The Story
Why it exists.
The beginning
Sea is Mercedes-Benz answering a specific craving: what does a modern American summer smell like? Not a fantasy. Not a resort brochure. Just the actual feeling of salt air, a citrus in your hand, and the decision to walk toward the water instead of your phone. Anne Flipo built the composition around that tension between brightness and depth. The tangerine opens sharp and clear, then hands off to a heart of violet leaf and floral notes that feels cool, almost mineral, before the woody notes and patchouli settle in as a base that keeps everything grounded. It's a coastal fragrance that doesn't pretend the coast is exotic. It's just nearby. That's the whole point.

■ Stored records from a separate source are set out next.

lemma distribution_function_collapsed_cdf:
  assumes "0 < m" "m < a" "a < 1"
  shows "distribution_function (collapsed_cdf a m)"
  unfolding collapsed_cdf_def[abs_def] using assms
  by (intro distribution_function_mix distribution_function_capped_unif_cdf
      distribution_function_tail_unif_cdf) auto

lemma unif_measure: "real_distribution unif_measure" "cdf unif_measure = tail_unif_cdf 0"
  unfolding unif_measure_def
  by (intro distribution_function_interval_measure distribution_function_tail_unif_cdf; simp)+

lemma collapsed_measure:
  assumes "0 < m" "m < a" "a < 1"
  shows "real_distribution (collapsed_measure a m)" "cdf (collapsed_measure a m) = collapsed_cdf a m"
  unfolding collapsed_measure_def using distribution_function_collapsed_cdf[OF assms]
  by (rule distribution_function_interval_measure)+

lemma measure_lessThan_eq_left_limit:
  assumes "real_distribution D" "(cdf D \<longlongrightarrow> L) (at_left p)"
  shows "measure D {..<p} = L"
proof -
  interpret real_distribution D by fact
  show ?thesis
    using tendsto_unique[OF trivial_limit_at_left_real cdf_at_left assms(2)] .
qed

lemma measure_Icc_0_1_eq_1:
  assumes D: "real_distribution D" and "\<And>x. x < 0 \<Longrightarrow> cdf D x = 0" "cdf D 1 = 1"
  shows "measure D {0..1} = 1"
proof -
  interpret real_distribution D by fact
  have "eventually (\<lambda>x. cdf D x = 0) (at_left 0)"
    unfolding eventually_at_left_field using assms(2) by (intro exI[of _ "-1"]) auto
  then have "(cdf D \<longlongrightarrow> 0) (at_left 0)"
    by (rule tendsto_eventually)
  then have "measure D {..<0} = 0"
    by (rule measure_lessThan_eq_left_limit[OF D])
  moreover have "measure D ({..1} - {..<0}) = measure D {..1} - measure D {..<0}"
    by (rule finite_measure_Diff) auto
  moreover have "{0..1} = {..1} - {..<(0::real)}"
    by auto
  ultimately show ?thesis
    using assms(3) by (simp add: cdf_def)
qed

lemma mix2_regular_class_interval_measure:
  assumes F1: "distribution_function F1" "regular (interval_measure F1)"
    and F2: "distribution_function F2" "regular (interval_measure F2)"
    and w: "0 \<le> w" "w \<le> 1"
    and support: "\<And>x. x < 0 \<Longrightarrow> w * F1 x + (1 - w) * F2 x = 0" "w * F1 1 + (1 - w) * F2 1 = 1"
  shows "mix2_regular_class (interval_measure (\<lambda>x. w * F1 x + (1 - w) * F2 x))"
proof -
  let ?F = "\<lambda>x. w * F1 x + (1 - w) * F2 x"
  have F: "distribution_function ?F"
    using F1 F2 w by (intro distribution_function_mix)
  note D = distribution_function_interval_measure[OF F]
  have "measure (interval_measure ?F) {0..1} = 1"
    using support by (intro measure_Icc_0_1_eq_1 D(1)) (simp_all add: D(2))
  moreover have "\<forall>x. cdf (interval_measure ?F) x
      = w * cdf (interval_measure F1) x + (1 - w) * cdf (interval_measure F2) x"
    using F1 F2 by (simp add: D(2) distribution_function_interval_measure)
  ultimately show ?thesis
    unfolding mix2_regular_class_def using D(1) F1 F2 w by blast
qed

lemma mix2_regular_class_unif: "mix2_regular_class unif_measure"
proof -
  have "mix2_regular_class
      (interval_measure (\<lambda>x. 1 * tail_unif_cdf 0 x + (1 - 1) * tail_unif_cdf 0 x))"
    by (intro mix2_regular_class_interval_measure distribution_function_tail_unif_cdf regular_tail_unif)
      (auto simp: tail_unif_cdf_def)
  then show ?thesis
    by (simp add: unif_measure_def)
qed

lemma mix2_regular_class_collapsed:
  assumes "0 < m" "m < a" "a < 1"
  shows "mix2_regular_class (collapsed_measure a m)"
  unfolding collapsed_measure_def collapsed_cdf_def[abs_def] using assms
  by (intro mix2_regular_class_interval_measure distribution_function_capped_unif_cdf
      distribution_function_tail_unif_cdf regular_capped_unif regular_tail_unif)
    (auto simp: capped_unif_cdf_def tail_unif_cdf_def)

lemma tail_unif_cdf_0_at_left: "(tail_unif_cdf 0 \<longlongrightarrow> tail_unif_cdf 0 p) (at_left p)"
proof -
  have "continuous (at_left p) (\<lambda>x. max 0 (min 1 x) :: real)"
    by (intro continuous_at_imp_continuous_at_within[where s = "{..<p}"] continuous_intros)
  then show ?thesis
    unfolding continuous_within tail_unif_cdf_0[abs_def] by simp
qed

lemma measure_unif_lessThan: "measure unif_measure {..<p} = tail_unif_cdf 0 p"
  using unif_measure tail_unif_cdf_0_at_left by (intro measure_lessThan_eq_left_limit) simp_all

lemma measure_collapsed_lessThan:
  assumes "0 < m" "m < a" "a < 1"
  shows "measure (collapsed_measure a m) {..<p} = (if m < p \<and> p \<le> a then a else tail_unif_cdf 0 p)"
proof (rule measure_lessThan_eq_left_limit[OF collapsed_measure(1)[OF assms]])
  show "(cdf (collapsed_measure a m) \<longlongrightarrow> (if m < p \<and> p \<le> a then a else tail_unif_cdf 0 p))
      (at_left p)"
  proof (cases "m < p \<and> p \<le> a")
    case True
    have "eventually (\<lambda>x. collapsed_cdf a m x = a) (at_left p)"
      unfolding eventually_at_left_field using True assms
      by (intro exI[of _ m]) (auto simp: collapsed_cdf_eq)
    then show ?thesis
      using True by (simp add: collapsed_measure(2)[OF assms] tendsto_eventually)
  next
    case False
    have "eventually (\<lambda>x. tail_unif_cdf 0 x = collapsed_cdf a m x) (at_left p)"
      unfolding eventually_at_left_field using False assms
      by (intro exI[of _ "if p \<le> m then p - 1 else a"]) (auto simp: collapsed_cdf_eq)
    with tail_unif_cdf_0_at_left[of p] have "(collapsed_cdf a m \<longlongrightarrow> tail_unif_cdf 0 p) (at_left p)"
      by (rule Lim_transform_eventually)
    then show ?thesis
      using False by (subst if_not_P) (simp_all add: collapsed_measure(2)[OF assms])
  qed
qed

What makes Sea interesting is the violet leaf note. It's a cool, almost ozonic freshness that arrives before the sun fully rises, that clean mineral quality that feels like morning moisture on stone. Most aquatic fragrances lean on calone or marine accords to simulate ocean water. Sea does that too, but the violet leaf gives it a green undertone that prevents the whole thing from smelling like bleach or pool chemicals. The floral notes in the heart add a softness that pushes back against any sharpness, keeping the heart from going too austere.
The evolution
The opening hits fast. Tangerine arrives bright and tart, reading citrus first for about the first half hour. Then the violet leaf takes over, and the fragrance shifts from pure citrus to something more complex. The floral notes appear as a softness that prevents the heart from reading too green or too sharp. Violet leaf lingers in the background, providing that mineral quality that prevents the heart from becoming overly sweet. The drydown arrives gradually: woody notes and patchouli come forward, and the patchouli adds an earthiness that makes the base feel warm rather than linear. On most skin types, Sea holds for a solid workday. The sillage is moderate, projecting close to the skin rather than filling a room. It's the kind of fragrance that someone standing next to you will notice before someone across the bar.
Cultural impact
Sea arrived during a cultural moment when consumers were reevaluating their relationship with scent and self-care. The launch tapped into a desire for simplicity and joy, offering a fragrance that felt like an escape without leaving home. Its citrus-aquatic profile mirrored the broader trend toward clean, breathable scents that dominated the contemporary fragrance landscape. Mercedes-Benz positioned Sea as an everyday luxury, challenging the notion that special occasion fragrances needed to be heavy or overpowering.